All lines ahead of the one containing "((ln (lw_R B" are to be left out; that line and each one after it, through the end of the records below, are to be duplicated exactly.

-- Data records follows --

(* For all $t\ge0$ and $x,y\in\mathbb R^d$, $$H^\nu_t(x,y)\le2(1+|y|)\hbar^\nu_t(x),$$ where $H^\nu_t(x,y):=\int_{B_\ell^c}\log\big(1+\frac{|z|}{1+|x-y|}\big)\nu_{t,x}(dz)$ and $\hbar^\nu_t(x):=\int_{B_\ell^c}\log\big(1+\frac{|z|}{1+|x|}\big)\nu_{t,x}(dz)$.
   Context: $d\ge1$, $\ell\in(0,1/\sqrt2)$, $B_\ell^c=\{z\in\mathbb R^d:|z|\ge\ell\}$, and $\{\nu_{t,x}\}_{t\ge0,x\in\mathbb R^d}$ is a family of (nonnegative) Lévy measures on $\mathbb R^d$. *)

theory Defs
  imports "HOL-Analysis.Analysis"
begin

definition levy_measure :: "'a::euclidean_space measure \<Rightarrow> bool" where
  "levy_measure M \<longleftrightarrow> sets M = sets borel \<and> emeasure M {0} = 0 \<and>
     (\<integral>\<^sup>+ z. ennreal (min 1 ((norm z)\<^sup>2)) \<partial>M) < \<infinity>"

definition Bc :: "real \<Rightarrow> 'a::euclidean_space set" where
  "Bc l = {z. norm z \<ge> l}"

definition H_nu :: "(real \<Rightarrow> 'a::euclidean_space \<Rightarrow> 'a measure) \<Rightarrow> real \<Rightarrow> real \<Rightarrow> 'a \<Rightarrow> 'a \<Rightarrow> ennreal" where
  "H_nu \<nu> l t x y = (\<integral>\<^sup>+ z. ennreal (ln (1 + norm z / (1 + norm (x - y)))) * indicator (Bc l) z \<partial>(\<nu> t x))"

definition hbar_nu :: "(real \<Rightarrow> 'a::euclidean_space \<Rightarrow> 'a measure) \<Rightarrow> real \<Rightarrow> real \<Rightarrow> 'a \<Rightarrow> ennreal" where
  "hbar_nu \<nu> l t x = (\<integral>\<^sup>+ z. ennreal (ln (1 + norm z / (1 + norm x))) * indicator (Bc l) z \<partial>(\<nu> t x))"

end

theory Submission
  imports Defs
begin

text \<open>Since \<open>1 + |x| \<le> (1 + |y|)(1 + |x - y|)\<close>, the integrand of \<open>H\<close> is at most
  \<open>ln (1 + c u)\<close> with \<open>c = 1 + |y|\<close> and \<open>u = |z| / (1 + |x|)\<close>; by concavity of the
  logarithm \<open>ln (1 + c u) \<le> c ln (1 + u)\<close> for \<open>c \<ge> 1\<close>, and integrating gives the bound even
  with constant 1 instead of 2.\<close>

lemma ratio_le_ln_one_plus:
  fixes u :: real
  assumes "u > -1"
  shows "u / (1 + u) \<le> ln (1 + u)"
proof -
  have pos: "1 + u > 0" using assms by simp
  have "- ln (1 + u) = ln (1 / (1 + u))" using pos by (simp add: ln_div)
  also have "\<dots> \<le> 1 / (1 + u) - 1" using pos by (intro ln_le_minus_one) simp
  also have "\<dots> = - (u / (1 + u))" using pos by (simp add: field_simps)
  finally show ?thesis by simp
qed

lemma ln_one_plus_mult_le:
  fixes u c :: real
  assumes "u \<ge> 0" and "c \<ge> 1"
  shows "ln (1 + c * u) \<le> c * ln (1 + u)"
proof -
  have pos: "1 + u > 0" "1 + c * u > 0" using assms by (auto intro: add_pos_nonneg)
  have "ln (1 + c * u) - ln (1 + u) = ln ((1 + c * u) / (1 + u))" using pos by (simp add: ln_div)
  also have "\<dots> \<le> (1 + c * u) / (1 + u) - 1" using pos by (intro ln_le_minus_one) simp
  also have "\<dots> = (c - 1) * (u / (1 + u))" using pos by (simp add: field_simps)
  also have "\<dots> \<le> (c - 1) * ln (1 + u)"
    using assms by (intro mult_left_mono ratio_le_ln_one_plus) simp_all
  finally show ?thesis by (simp add: algebra_simps)
qed

lemma one_plus_norm_le_mult:
  fixes x y :: "'a::real_normed_vector"
  shows "1 + norm x \<le> (1 + norm y) * (1 + norm (x - y))"
proof -
  have "norm x \<le> norm (x - y) + norm y" using norm_triangle_ineq[of "x - y" y] by simp
  moreover have "0 \<le> norm y * norm (x - y)" by simp
  ultimately show ?thesis by (simp add: algebra_simps del: mult_nonneg_nonneg)
qed

lemma ln_one_plus_div_shift_le:
  fixes x y :: "'a::real_normed_vector" and r :: real
  assumes "r \<ge> 0"
  shows "ln (1 + r / (1 + norm (x - y))) \<le> (1 + norm y) * ln (1 + r / (1 + norm x))"
proof -
  define c where "c = 1 + norm y"
  have c: "c \<ge> 1" unfolding c_def by simp
  have "r / (1 + norm (x - y)) = c * r / (c * (1 + norm (x - y)))" using c by simp
  also have "\<dots> \<le> c * r / (1 + norm x)"
    using one_plus_norm_le_mult[of x y] assms c
    by (intro divide_left_mono) (auto simp: c_def intro!: mult_pos_pos add_pos_nonneg)
  finally have "ln (1 + r / (1 + norm (x - y))) \<le> ln (1 + c * (r / (1 + norm x)))"
    using assms by (intro ln_mono) (auto intro: add_pos_nonneg)
  also have "\<dots> \<le> c * ln (1 + r / (1 + norm x))"
    using assms c by (intro ln_one_plus_mult_le) simp_all
  finally show ?thesis unfolding c_def .
qed

lemma closed_Bc: "closed (Bc l :: 'a::euclidean_space set)"
  unfolding Bc_def by (simp add: closed_Collect_le continuous_on_const continuous_on_norm_id)

lemma H_nu_le_hbar_nu:
  fixes \<nu> :: "real \<Rightarrow> 'a::euclidean_space \<Rightarrow> 'a measure"
  assumes "sets (\<nu> t x) = sets borel"
  shows "H_nu \<nu> l t x y \<le> ennreal (1 + norm y) * hbar_nu \<nu> l t x"
proof -
  let ?g = "\<lambda>z. ennreal (ln (1 + norm z / (1 + norm x))) * indicator (Bc l) z"
  have "?g \<in> borel_measurable (\<nu> t x)"
    unfolding measurable_cong_sets[OF assms refl]
    using borel_closed[OF closed_Bc] by measurable
  have "H_nu \<nu> l t x y \<le> (\<integral>\<^sup>+ z. ennreal (1 + norm y) * ?g z \<partial>\<nu> t x)"
    unfolding H_nu_def
  proof (intro nn_integral_mono)
    fix z :: 'a
    have "ennreal (ln (1 + norm z / (1 + norm (x - y))))
        \<le> ennreal ((1 + norm y) * ln (1 + norm z / (1 + norm x)))"
      by (intro ennreal_leI ln_one_plus_div_shift_le) simp
    then show "ennreal (ln (1 + norm z / (1 + norm (x - y)))) * indicator (Bc l) z
        \<le> ennreal (1 + norm y) * ?g z"
      by (simp add: ennreal_mult indicator_def)
  qed
  also have "\<dots> = ennreal (1 + norm y) * hbar_nu \<nu> l t x"
    unfolding hbar_nu_def by (rule nn_integral_cmult) fact
  finally show ?thesis .
qed

theorem lemma3p5:
  fixes \<nu> :: "real \<Rightarrow> 'a::euclidean_space \<Rightarrow> 'a measure" and l :: real
  assumes "0 < l" and "l < 1 / sqrt 2"
    and "\<And>t x. t \<ge> 0 \<Longrightarrow> levy_measure (\<nu> t x)"
  shows "\<forall>t \<ge> 0. \<forall>x y :: 'a. H_nu \<nu> l t x y \<le> 2 * ennreal (1 + norm y) * hbar_nu \<nu> l t x"
proof (intro allI impI)
  fix t :: real and x y :: 'a
  assume "t \<ge> 0"
  then have "sets (\<nu> t x) = sets borel" using assms(3) by (simp add: levy_measure_def)
  then have "H_nu \<nu> l t x y \<le> ennreal (1 + norm y) * hbar_nu \<nu> l t x"
    by (rule H_nu_le_hbar_nu)
  also have "\<dots> \<le> 2 * ennreal (1 + norm y) * hbar_nu \<nu> l t x"
    by (intro mult_right_mono) (simp_all only: mult_2 add_increasing2 zero_le order_refl)
  finally show "H_nu \<nu> l t x y \<le> 2 * ennreal (1 + norm y) * hbar_nu \<nu> l t x" .
qed

end
(* Let $G$ be a connected weighted multigraph on the vertex set $V$, $|V|\ge2$, with positive edge weights, and let $\tilde G$ be any balance-graph of $G$. Then for all $i,j\in V$ the resistance distance between $i$ and $j$ in $G$ equals the long walk distance $d^{LW}(i,j)$ computed in $\tilde G$.
   Context: Loops and multiple edges are allowed. The weighted adjacency matrix $A(H)=(a_{ij})$ of a graph $H$ has $a_{ij}$ equal to the sum of weights of the edges joining $i$ and $j$; its Laplacian is $L(H)=\operatorname{diag}(A(H)\mathbf 1)-A(H)$. The resistance distance in $G$ is $d^r(i,j)=(e_i-e_j)^{\mathsf T}L(G)^{+}(e_i-e_j)$, where $L^+$ is the Moore–Penrose inverse and $e_i$ the standard basis vectors (equivalently, the effective resistance when each edge is a resistor of conductance equal to its weight). A balance-graph of $G$ is a graph $\tilde G$ with the same vertices, containing the edges of $G$ with the same weights, whose additional edges are all loops with positive weights, and whose weighted adjacency matrix has constant row sums. For a connected graph $H$ on $n$ vertices with adjacency matrix $B$ and spectral radius $\rho$, the long walk distance is $d^{LW}(i,j)=\lim_{\alpha\to\infty}\theta\bigl(\tfrac12(\ln r_{ii}+\ln r_{jj})-\ln r_{ij}\bigr)$, where $(r_{ij})=(I-tB)^{-1}$, $t=(\rho+\alpha^{-1})^{-1}$, and $\theta=\ln(e+\alpha^{2/n})\frac{\alpha-1}{\ln\alpha}$. *)

theory Defs
  imports "HOL-Analysis.Analysis"
begin

text \<open>A weighted multigraph on the vertex type 'n (vertex set V = UNIV, finite):
  a finite set of edges E, an endpoint map (ends e = {i,j}; a loop at i has ends e = {i}),
  and an edge weight function w.\<close>

definition wmultigraph :: "'e set \<Rightarrow> ('e \<Rightarrow> 'n set) \<Rightarrow> ('e \<Rightarrow> real) \<Rightarrow> bool" where
  "wmultigraph E ends w \<longleftrightarrow> finite E \<and>
     (\<forall>e\<in>E. ends e \<noteq> {} \<and> card (ends e) \<le> 2) \<and> (\<forall>e\<in>E. w e > 0)"

definition wadj :: "'e set \<Rightarrow> ('e \<Rightarrow> 'n::finite set) \<Rightarrow> ('e \<Rightarrow> real) \<Rightarrow> real^'n^'n" where
  "wadj E ends w = (\<chi> i j. \<Sum>e\<in>{e\<in>E. ends e = {i, j}}. w e)"

definition laplacian :: "real^'n^'n \<Rightarrow> real^'n^'n" where
  "laplacian A = (\<chi> i j. (if i = j then (\<Sum>k\<in>UNIV. A $ i $ k) else 0) - A $ i $ j)"

definition wconnected :: "'e set \<Rightarrow> ('e \<Rightarrow> 'n set) \<Rightarrow> bool" where
  "wconnected E ends \<longleftrightarrow>
     (\<forall>i j. (\<lambda>x y. \<exists>e\<in>E. ends e = {x, y})\<^sup>*\<^sup>* i j)"

definition mp_inverse :: "real^'n^'n \<Rightarrow> real^'n^'n" where
  "mp_inverse A = (THE X. A ** X ** A = A \<and> X ** A ** X = X \<and>
       transpose (A ** X) = A ** X \<and> transpose (X ** A) = X ** A)"

definition resistance_distance :: "real^'n^'n \<Rightarrow> 'n \<Rightarrow> 'n \<Rightarrow> real" where
  "resistance_distance A i j =
     (axis i 1 - axis j 1) \<bullet> (mp_inverse (laplacian A) *v (axis i 1 - axis j 1))"

definition balance_graph ::
  "'e set \<Rightarrow> ('e \<Rightarrow> 'n::finite set) \<Rightarrow> ('e \<Rightarrow> real) \<Rightarrow>
   'e set \<Rightarrow> ('e \<Rightarrow> 'n set) \<Rightarrow> ('e \<Rightarrow> real) \<Rightarrow> bool" where
  "balance_graph E ends w E' ends' w' \<longleftrightarrow>
     wmultigraph E' ends' w' \<and> E \<subseteq> E' \<and>
     (\<forall>e\<in>E. ends' e = ends e \<and> w' e = w e) \<and>
     (\<forall>e\<in>E' - E. (\<exists>i. ends' e = {i}) \<and> w' e > 0) \<and>
     (\<exists>c. \<forall>i. (\<Sum>j\<in>UNIV. wadj E' ends' w' $ i $ j) = c)"

definition spectral_radius :: "real^'n^'n \<Rightarrow> real" where
  "spectral_radius B = Max {cmod z | z. det (mat z - (\<chi> i j. complex_of_real (B $ i $ j))) = 0}"

definition lw_theta :: "nat \<Rightarrow> real \<Rightarrow> real" where
  "lw_theta n \<alpha> = ln (exp 1 + \<alpha> powr (2 / real n)) * (\<alpha> - 1) / ln \<alpha>"

definition lw_R :: "real^'n^'n \<Rightarrow> real \<Rightarrow> real^'n^'n" where
  "lw_R B \<alpha> = matrix_inv (mat 1 - (1 / (spectral_radius B + 1 / \<alpha>)) *\<^sub>R B)"

text \<open>Long walk distance as a limit (the statement "d^LW(i,j) = d" means the limit exists and is d).\<close>
definition has_long_walk_distance :: "real^'n^'n \<Rightarrow> 'n \<Rightarrow> 'n \<Rightarrow> real \<Rightarrow> bool" where
  "has_long_walk_distance B i j d \<longleftrightarrow>
     ((\<lambda>\<alpha>. lw_theta CARD('n) \<alpha> *
        ((ln (lw_R B \<alpha> $ i $ i) + ln (lw_R B \<alpha> $ j $ j)) / 2 - ln (lw_R B \<alpha> $ i $ j)))
      \<longlongrightarrow> d) at_top"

-- Data records concluded --

Response to this task>
        ((ln (lw_R B \<alpha> $ i $ i) + ln (lw_R B \<alpha> $ j $ j)) / 2 - ln (lw_R B \<alpha> $ i $ j)))
      \<longlongrightarrow> d) at_top"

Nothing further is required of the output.